=== WHAT IS EXPECTED ===
Could you copy every line of the data that contains the word "short"?

START DATA RECORDS

lemma mon_concat_in_J:
  assumes hs: "mlmon (block_degs bs) \<in> J"
    and bs: "\<forall>b\<in>set bs. b \<noteq> [] \<and> (\<forall>v\<in>set b. fst v \<in> carrier G)"
  shows "mon (concat bs) \<in> J"
proof -
  define hs where "hs = block_degs bs"
  have len: "length hs = length bs" by (simp add: hs_def block_degs_def)
  define f where "f = (\<lambda>v. if 1 \<le> snd v \<and> snd v \<le> length hs \<and> fst v = hs ! (snd v - 1)
    then bs ! (snd v - 1) else [v])"
  have "graded_subst G (\<lambda>v. mon (f v) :: ('g, 'f) gpoly)"
  proof (rule graded_subst_mon)
    fix h i assume "h \<in> carrier G"
    show "f (h, i) \<noteq> [] \<and> (\<forall>v\<in>set (f (h, i)). fst v \<in> carrier G) \<and> gprod G (map fst (f (h, i))) = h"
    proof (cases "1 \<le> i \<and> i \<le> length hs \<and> h = hs ! (i - 1)")
      case True
      then have "i - 1 < length bs" using len by arith
      then show ?thesis using True bs by (auto simp: f_def hs_def block_degs_def)
    qed (use \<open>h \<in> carrier G\<close> in \<open>auto simp: f_def\<close>)
  qed
  from psubst_in_J[OF hs[folded hs_def] this]
  have "mon (concat (map f (zip hs [1..<length hs + 1]))) \<in> J"
    by (simp add: mlmon_def psubst_mon)
  moreover have "map f (zip hs [1..<length hs + 1]) = bs"
    by (rule nth_equalityI) (auto simp del: upt_Suc simp: f_def len)
  ultimately show ?thesis by simp
qed

text \<open>If no walk follows w, either some letter of w labels no edge at all, and w is a consequence
  of a generator of type (iii), or the block decomposition of w is a substitution instance of a
  short monomial identity.\<close>

lemma mon_in_J_if_no_walk:
  assumes w: "w \<noteq> []" "\<forall>v\<in>set w. fst v \<in> carrier G" and no_walk: "\<And>c. word_end c w = None"
  shows "mon w \<in> J"
proof (cases "\<exists>l\<in>set w. \<forall>c. step c (fst l) = None")
  case True
  then show ?thesis using mon_in_J_if_letter_without_step w by blast
next
  case False
  then obtain x bs y where dec: "block_decomposition w x bs y"
    using block_decomposition_exists by (metis not_None_eq)
  note short = block_degs_short[OF dec no_walk]
  have "set (block_degs bs) \<subseteq> carrier G"
    using short(4) deg_set_subset_carrier by blast
  then have "mlmon (block_degs bs) \<in> graded_ids G (Bcomp :: 'g \<Rightarrow> ('f, 'n) sqmat set)"
    using short(1,2) by (intro mlmon_mem_graded_ids) auto
  then have "mlmon (block_degs bs) \<in> J"
    using short short_monomial_identities_in_J by (auto simp: short_monomial_identities_def)
  moreover have w_split: "w = x @ concat bs @ y" and "\<forall>b\<in>set bs. b \<noteq> []"
    using dec by (simp_all add: block_decomposition_def)
  ultimately have "mon (concat bs) \<in> J"
    using w(2) by (intro mon_concat_in_J) auto
  from mon_context_in_J[OF this, of x y] w(2) w_split show ?thesis by auto
qed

END DATA RECORDS

=== TASK SOLUTION ===
  short monomial identity.\<close>
  note short = block_degs_short[OF dec no_walk]
    using short(4) deg_set_subset_carrier by blast
    using short(1,2) by (intro mlmon_mem_graded_ids) auto
    using short short_monomial_identities_in_J by (auto simp: short_monomial_identities_def)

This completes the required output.